Rosen Milenov is a Bulgarian advocate for direct democracy who works as a private consultant and runs a market research firm. This contribution is a blog about direct democracy in Bulgaria with specific reference to the current COVID-19 pandemic.
Rosen Milenov writes about the importance of civil society in Bulgaria and its role of legitimising the social contract between the government and its citizens. Many observers have commented on the “criminal” takeover of Bulgarian democracy by a corrupt oligarchy over the last 30 years. Consequently, the electoral system has been compromised, causing the delegitimization of state bodies and misrepresentation of the public will. This leaves direct democracy as a fundamental mechanism for citizens to act as a corrective to representative government. In Bulgaria, direct participation of citizens is enshrined in the constitution, most notably in the form of referenda. However, it is extremely difficult for referenda to be successfully launched due to a very high participation threshold (400 000 signatures), short time-frame for collecting signatures (3 months), limited scope of issues qualifying for referenda and the disclosure of supporters’ personal information when supporting causes.
Against this background, a group of Bulgarian citizens have been running an active promotional campaign in city squares expounding the benefits of direct democracy to Bulgarians. A petition was also started to initiate a national referendum on several pressing concerns related to direct democracy and potential integration into the Eurozone. This petition was hindered by a number of factors such as limited national media coverage, a historic deficit in civic participation originating from pre-1989 totalitarian control and fears concerning the documentation of personal information from supporters. These hinderances are further compounded by limited support from the intellectual community in Bulgaria and a lack of funding for the initiative.

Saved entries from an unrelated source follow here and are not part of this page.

(* Let $A\subseteq B$ be a ring extension (commutative rings with identity) with the finite character. Then every $B$-regular and locally principal ideal of $A$ is $B$-invertible.
   Context: For an $A$-submodule $S$ of $B$: $S$ is $B$-regular if $SB=B$; $S$ is $B$-invertible if there is an $A$-submodule $U$ of $B$ with $SU=A$. The extension $A\subseteq B$ has the finite character if every $B$-regular ideal of $A$ is contained in only finitely many maximal ideals of $A$. An ideal $\mathfrak a$ of $A$ is locally principal if $\mathfrak aA_{\mathfrak m}$ is principal for every maximal ideal $\mathfrak m$ of $A$. *)

theory Defs
  imports Main
begin

text \<open>Ring extension A \<subseteq> B: B is the ambient commutative ring (a type of class
comm_ring_1), A is a subring of B given as a set containing 1.\<close>

definition is_subring :: "'b::comm_ring_1 set \<Rightarrow> bool" where
  "is_subring A \<longleftrightarrow> 0 \<in> A \<and> 1 \<in> A \<and> (\<forall>x\<in>A. \<forall>y\<in>A. x + y \<in> A \<and> x * y \<in> A \<and> - x \<in> A)"

definition A_submodule :: "'b::comm_ring_1 set \<Rightarrow> 'b set \<Rightarrow> bool" where
  "A_submodule A S \<longleftrightarrow> 0 \<in> S \<and> (\<forall>x\<in>S. \<forall>y\<in>S. x + y \<in> S) \<and> (\<forall>a\<in>A. \<forall>x\<in>S. a * x \<in> S)"

definition ideal_of :: "'b::comm_ring_1 set \<Rightarrow> 'b set \<Rightarrow> bool" where
  "ideal_of A I \<longleftrightarrow> A_submodule A I \<and> I \<subseteq> A"

definition maximal_ideal_of :: "'b::comm_ring_1 set \<Rightarrow> 'b set \<Rightarrow> bool" where
  "maximal_ideal_of A m \<longleftrightarrow> ideal_of A m \<and> m \<noteq> A \<and>
     (\<forall>J. ideal_of A J \<and> m \<subseteq> J \<longrightarrow> J = m \<or> J = A)"

definition mod_prod :: "'b::comm_ring_1 set \<Rightarrow> 'b set \<Rightarrow> 'b set" where
  "mod_prod S U = {x. \<exists>(n::nat) s u. (\<forall>i<n. s i \<in> S \<and> u i \<in> U) \<and> x = (\<Sum>i<n. s i * u i)}"

definition B_regular :: "'b::comm_ring_1 set \<Rightarrow> bool" where
  "B_regular S \<longleftrightarrow> mod_prod S UNIV = UNIV"

definition B_invertible :: "'b::comm_ring_1 set \<Rightarrow> 'b set \<Rightarrow> bool" where
  "B_invertible A S \<longleftrightarrow> (\<exists>U. A_submodule A U \<and> mod_prod S U = A)"

definition finite_character :: "'b::comm_ring_1 set \<Rightarrow> bool" where
  "finite_character A \<longleftrightarrow>
     (\<forall>I. ideal_of A I \<and> B_regular I \<longrightarrow> finite {m. maximal_ideal_of A m \<and> I \<subseteq> m})"

text \<open>Locally principal: for every maximal ideal m, I A_m is principal.
  Unfolded without a localization type: I A_m = (a/1) A_m for some a \<in> I, i.e.
  every b \<in> I satisfies t b = c a in A for some t \<in> A - m, c \<in> A.\<close>
definition locally_principal :: "'b::comm_ring_1 set \<Rightarrow> 'b set \<Rightarrow> bool" where
  "locally_principal A I \<longleftrightarrow>
     (\<forall>m. maximal_ideal_of A m \<longrightarrow>
        (\<exists>a\<in>I. \<forall>b\<in>I. \<exists>t\<in>A - m. \<exists>c\<in>A. t * b = c * a))"

end

theory Submission
  imports Defs
begin

text \<open>
  B-regularity gives finitely many x_i \<in> I with 1 = \<Sum> x_i b_i, b_i \<in> B. By finite character only
  finitely many maximal ideals contain all x_i; the x_i together with one local generator of I
  at each of these maximal ideals generate I, by a local-global argument. Hence, at every
  maximal ideal m, a single t \<notin> m satisfies t I \<subseteq> a A for a local generator a \<in> I.
  Multiplying 1 = \<Sum> x_i b_i by t shows that a divides t in B, say t = a v; then u = t v
  satisfies u I \<subseteq> A and a u = t^2 \<notin> m. So I (A : I) lies in no maximal ideal, i.e. equals A.
\<close>

lemma is_subringD:
  assumes "is_subring A"
  shows "0 \<in> A" "1 \<in> A" "x \<in> A \<Longrightarrow> y \<in> A \<Longrightarrow> x + y \<in> A"
    "x \<in> A \<Longrightarrow> y \<in> A \<Longrightarrow> x * y \<in> A"
  using assms unfolding is_subring_def by auto

lemma A_submoduleD:
  assumes "A_submodule A S"
  shows "0 \<in> S" "x \<in> S \<Longrightarrow> y \<in> S \<Longrightarrow> x + y \<in> S" "a \<in> A \<Longrightarrow> x \<in> S \<Longrightarrow> a * x \<in> S"
  using assms unfolding A_submodule_def by auto

lemma A_submodule_self:
  assumes "is_subring A"
  shows "A_submodule A A"
  using is_subringD[OF assms] unfolding A_submodule_def by blast

lemma ideal_ofD:
  assumes "ideal_of A I"
  shows "A_submodule A I" "I \<subseteq> A"
  using assms unfolding ideal_of_def by auto

lemma A_submodule_sum:
  assumes "A_submodule A S" "\<And>i. i \<in> X \<Longrightarrow> f i \<in> S"
  shows "sum f X \<in> S"
  using assms(2)
  by (induction X rule: infinite_finite_induct) (simp_all add: A_submoduleD[OF assms(1)])

lemma ideal_eq_if_one_mem:
  assumes "ideal_of A J" "1 \<in> J"
  shows "J = A"
proof
  show "J \<subseteq> A" using ideal_ofD(2)[OF assms(1)] .
  show "A \<subseteq> J"
    using A_submoduleD(3)[OF ideal_ofD(1)[OF assms(1)] _ assms(2)] by auto
qed

lemma ideal_of_Union_chain:
  assumes "C \<noteq> {}" "\<And>J. J \<in> C \<Longrightarrow> ideal_of A J"
    and chain: "\<And>X Y. X \<in> C \<Longrightarrow> Y \<in> C \<Longrightarrow> X \<subseteq> Y \<or> Y \<subseteq> X"
  shows "ideal_of A (\<Union>C)"
  unfolding ideal_of_def A_submodule_def
proof (intro conjI ballI)
  show "0 \<in> \<Union>C" "\<Union>C \<subseteq> A"
    using assms(1,2) by (auto dest: ideal_ofD A_submoduleD(1))
next
  fix x y assume "x \<in> \<Union>C" "y \<in> \<Union>C"
  then obtain X Y where "X \<in> C" "Y \<in> C" "x \<in> X" "y \<in> Y" by blast
  with chain obtain Z where "Z \<in> C" "x \<in> Z" "y \<in> Z" by blast
  then show "x + y \<in> \<Union>C" using assms(2) by (blast dest: ideal_ofD A_submoduleD(2))
next
  fix a x assume "a \<in> A" "x \<in> \<Union>C"
  then show "a * x \<in> \<Union>C" using assms(2) by (blast dest: ideal_ofD A_submoduleD(3))
qed

lemma ideal_in_maximal_ideal:
  assumes sub: "is_subring A" and K: "ideal_of A K" "1 \<notin> K"
  obtains m where "maximal_ideal_of A m" "K \<subseteq> m"
proof -
  define S where "S = {J. ideal_of A J \<and> K \<subseteq> J \<and> 1 \<notin> J}"
  have "\<Union>C \<in> S" if "C \<noteq> {}" "subset.chain S C" for C
    using that ideal_of_Union_chain[of C A] by (auto simp: S_def subset_chain_def)
  moreover have "S \<noteq> {}" using K by (auto simp: S_def)
  ultimately obtain M where M: "M \<in> S" and M_max: "\<And>X. X \<in> S \<Longrightarrow> M \<subseteq> X \<Longrightarrow> X = M"
    using subset_Zorn_nonempty[of S] by blast
  have "maximal_ideal_of A M"
    unfolding maximal_ideal_of_def
  proof (intro conjI allI impI)
    show "ideal_of A M" "M \<noteq> A" using M is_subringD(2)[OF sub] by (auto simp: S_def)
  next
    fix J assume J: "ideal_of A J \<and> M \<subseteq> J"
    show "J = M \<or> J = A"
    proof (cases "1 \<in> J")
      case True then show ?thesis using ideal_eq_if_one_mem J by blast
    next
      case False then show ?thesis using M_max J M by (auto simp: S_def)
    qed
  qed
  then show thesis using that M by (auto simp: S_def)
qed

lemma mem_ideal_if_locally_mem:
  assumes sub: "is_subring A" and N: "ideal_of A N" and "c \<in> A"
    and loc: "\<And>m. maximal_ideal_of A m \<Longrightarrow> \<exists>t\<in>A - m. t * c \<in> N"
  shows "c \<in> N"
proof -
  define K where "K = {s \<in> A. s * c \<in> N}"
  have "ideal_of A K"
    unfolding ideal_of_def A_submodule_def K_def
    using is_subringD[OF sub] A_submoduleD[OF ideal_ofD(1)[OF N]]
    by (auto simp: distrib_right mult.assoc)
  moreover have "\<not> K \<subseteq> m" if "maximal_ideal_of A m" for m
    using loc[OF that] by (auto simp: K_def)
  ultimately have "1 \<in> K"
    using ideal_in_maximal_ideal[OF sub] by metis
  then show "c \<in> N" by (simp add: K_def)
qed

lemma maximal_ideal_mult_notin:
  assumes sub: "is_subring A" and m: "maximal_ideal_of A m"
    and x: "x \<in> A - m" and y: "y \<in> A - m"
  shows "x * y \<notin> m"
proof
  assume xy: "x * y \<in> m"
  have m_ideal: "ideal_of A m" using m by (simp add: maximal_ideal_of_def)
  note m_sub = A_submoduleD[OF ideal_ofD(1)[OF m_ideal]] and A = is_subringD[OF sub]
  define J where "J = {z + r * x | z r. z \<in> m \<and> r \<in> A}"
  have "ideal_of A J"
    unfolding ideal_of_def A_submodule_def
  proof (intro conjI ballI)
    show "0 \<in> J" unfolding J_def using m_sub(1) A(1) by force
    show "J \<subseteq> A" unfolding J_def using ideal_ofD(2)[OF m_ideal] A x by auto
  next
    fix a b assume "a \<in> J" "b \<in> J"
    then obtain z r z' r' where "a = z + r * x" "b = z' + r' * x" "z \<in> m" "r \<in> A" "z' \<in> m" "r' \<in> A"
      unfolding J_def by blast
    moreover have "a + b = (z + z') + (r + r') * x"
      using calculation by (simp add: algebra_simps)
    ultimately show "a + b \<in> J" unfolding J_def using m_sub(2) A(3) by blast
  next
    fix a b assume "a \<in> A" "b \<in> J"
    then obtain z r where "b = z + r * x" "z \<in> m" "r \<in> A"
      unfolding J_def by blast
    moreover have "a * b = a * z + (a * r) * x"
      using calculation by (simp add: algebra_simps)
    ultimately show "a * b \<in> J" unfolding J_def using m_sub(3) A(4) \<open>a \<in> A\<close> by blast
  qed
  moreover have "m \<subseteq> J" unfolding J_def using A(1) by force
  moreover have "x \<in> J" unfolding J_def using m_sub(1) A(2) by force
  ultimately have "1 \<in> J"
    using m x A(2) by (auto simp: maximal_ideal_of_def)
  then obtain z r where zr: "1 = z + r * x" "z \<in> m" "r \<in> A" unfolding J_def by auto
  have "y = y * z + r * (x * y)" using zr(1) by (metis distrib_left mult.commute mult.left_commute mult_1_right)
  also have "\<dots> \<in> m" using zr xy y m_sub by (simp add: mult.commute)
  finally show False using y by simp
qed

lemma one_notin_maximal_ideal:
  assumes "maximal_ideal_of A m"
  shows "1 \<notin> m"
  using assms ideal_eq_if_one_mem by (auto simp: maximal_ideal_of_def)

text \<open>Only meaningful for finite X: an infinite sum is 0, so then A_span A X = {0}.\<close>
definition A_span :: "'b::comm_ring_1 set \<Rightarrow> 'b set \<Rightarrow> 'b set" where
  "A_span A X = {\<Sum>y\<in>X. r y * y | r. \<forall>y\<in>X. r y \<in> A}"

lemma A_submodule_A_span:
  assumes sub: "is_subring A"
  shows "A_submodule A (A_span A X)"
  unfolding A_submodule_def
proof (intro conjI ballI)
  show "0 \<in> A_span A X"
    unfolding A_span_def using is_subringD(1)[OF sub] by (auto intro!: exI[of _ "\<lambda>_. 0"])
next
  fix a b assume "a \<in> A_span A X" "b \<in> A_span A X"
  then obtain r r' where "\<forall>y\<in>X. r y \<in> A" "\<forall>y\<in>X. r' y \<in> A"
    "a + b = (\<Sum>y\<in>X. (r y + r' y) * y)"
    unfolding A_span_def by (auto simp: sum.distrib distrib_right)
  then show "a + b \<in> A_span A X"
    unfolding A_span_def using is_subringD(3)[OF sub] by auto
next
  fix a b assume "a \<in> A" "b \<in> A_span A X"
  then obtain r where "\<forall>y\<in>X. r y \<in> A" "a * b = (\<Sum>y\<in>X. (a * r y) * y)"
    unfolding A_span_def by (auto simp: sum_distrib_left mult.assoc)
  then show "a * b \<in> A_span A X"
    unfolding A_span_def using is_subringD(4)[OF sub] \<open>a \<in> A\<close> by auto
qed

lemma A_span_least:
  assumes "A_submodule A N" "X \<subseteq> N"
  shows "A_span A X \<subseteq> N"
  unfolding A_span_def
  using assms A_submoduleD(3)[OF assms(1)] by (auto intro!: A_submodule_sum)

lemma ideal_of_A_span:
  assumes sub: "is_subring A" and "X \<subseteq> A"
  shows "ideal_of A (A_span A X)"
  unfolding ideal_of_def
  using A_submodule_A_span[OF sub] A_span_least[OF A_submodule_self[OF sub]] assms(2) by blast

lemma mem_A_span:
  assumes sub: "is_subring A" and "finite X" "y \<in> X"
  shows "y \<in> A_span A X"
proof -
  have "(\<Sum>z\<in>X. (if z = y then 1 else 0) * z) = y"
    using assms(2,3) by (simp add: if_distrib[of "\<lambda>c. c * _"] cong: if_cong)
  then show ?thesis
    unfolding A_span_def using is_subringD(1,2)[OF sub]
    by (auto intro!: exI[of _ "\<lambda>z. if z = y then 1 else 0"])
qed

lemma sum_lessThan_add:
  fixes h :: "nat \<Rightarrow> 'a::comm_monoid_add"
  shows "(\<Sum>i<n + k. h i) = (\<Sum>i<n. h i) + (\<Sum>i<k. h (n + i))"
  by (induction k) (simp_all add: ac_simps)

lemma mod_prod_memI:
  fixes n :: nat
  assumes "\<forall>i<n. s i \<in> S \<and> u i \<in> U" "x = (\<Sum>i<n. s i * u i)"
  shows "x \<in> mod_prod S U"
  unfolding mod_prod_def using assms by blast

lemma mod_prod_memE:
  assumes "x \<in> mod_prod S U"
  obtains n :: nat and s u where "\<forall>i<n. s i \<in> S \<and> u i \<in> U" "x = (\<Sum>i<n. s i * u i)"
  using assms unfolding mod_prod_def by blast

lemma mult_mem_mod_prod:
  assumes "s \<in> S" "u \<in> U"
  shows "s * u \<in> mod_prod S U"
  using assms by (intro mod_prod_memI[of "Suc 0" "\<lambda>_. s" S "\<lambda>_. u"]) simp_all

lemma mod_prod_add:
  assumes "x \<in> mod_prod S U" "y \<in> mod_prod S U"
  shows "x + y \<in> mod_prod S U"
proof -
  obtain n :: nat and f g where fg: "\<forall>i<n. f i \<in> S \<and> g i \<in> U" "x = (\<Sum>i<n. f i * g i)"
    using assms(1) by (rule mod_prod_memE)
  obtain k :: nat and f' g' where fg': "\<forall>i<k. f' i \<in> S \<and> g' i \<in> U" "y = (\<Sum>i<k. f' i * g' i)"
    using assms(2) by (rule mod_prod_memE)
  define s where "s i = (if i < n then f i else f' (i - n))" for i
  define u where "u i = (if i < n then g i else g' (i - n))" for i
  show ?thesis
  proof (rule mod_prod_memI)
    show "\<forall>i<n + k. s i \<in> S \<and> u i \<in> U"
      using fg(1) fg'(1) by (auto simp: s_def u_def)
    show "x + y = (\<Sum>i<n + k. s i * u i)"
      by (simp add: sum_lessThan_add fg(2) fg'(2) s_def u_def)
  qed
qed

Notwithstanding these difficulties, the campaign for collecting signatures gained momentum in the first months of 2020. However, due to the COVID-19 pandemic, a state of emergency was imposed in Bulgaria from 13.03.2020-14.05.2020. Organisers of the petition were only given an extension of one month for gathering the signatures, effectively shortening the deadline by a month. This is seen as a misuse of state power during the state of emergency and an appeal has been launched against the ruling. Supporters of the referendum remain resolute in promoting the value of direct democracy in legitimising and regulating the relationship between the state and its citizens.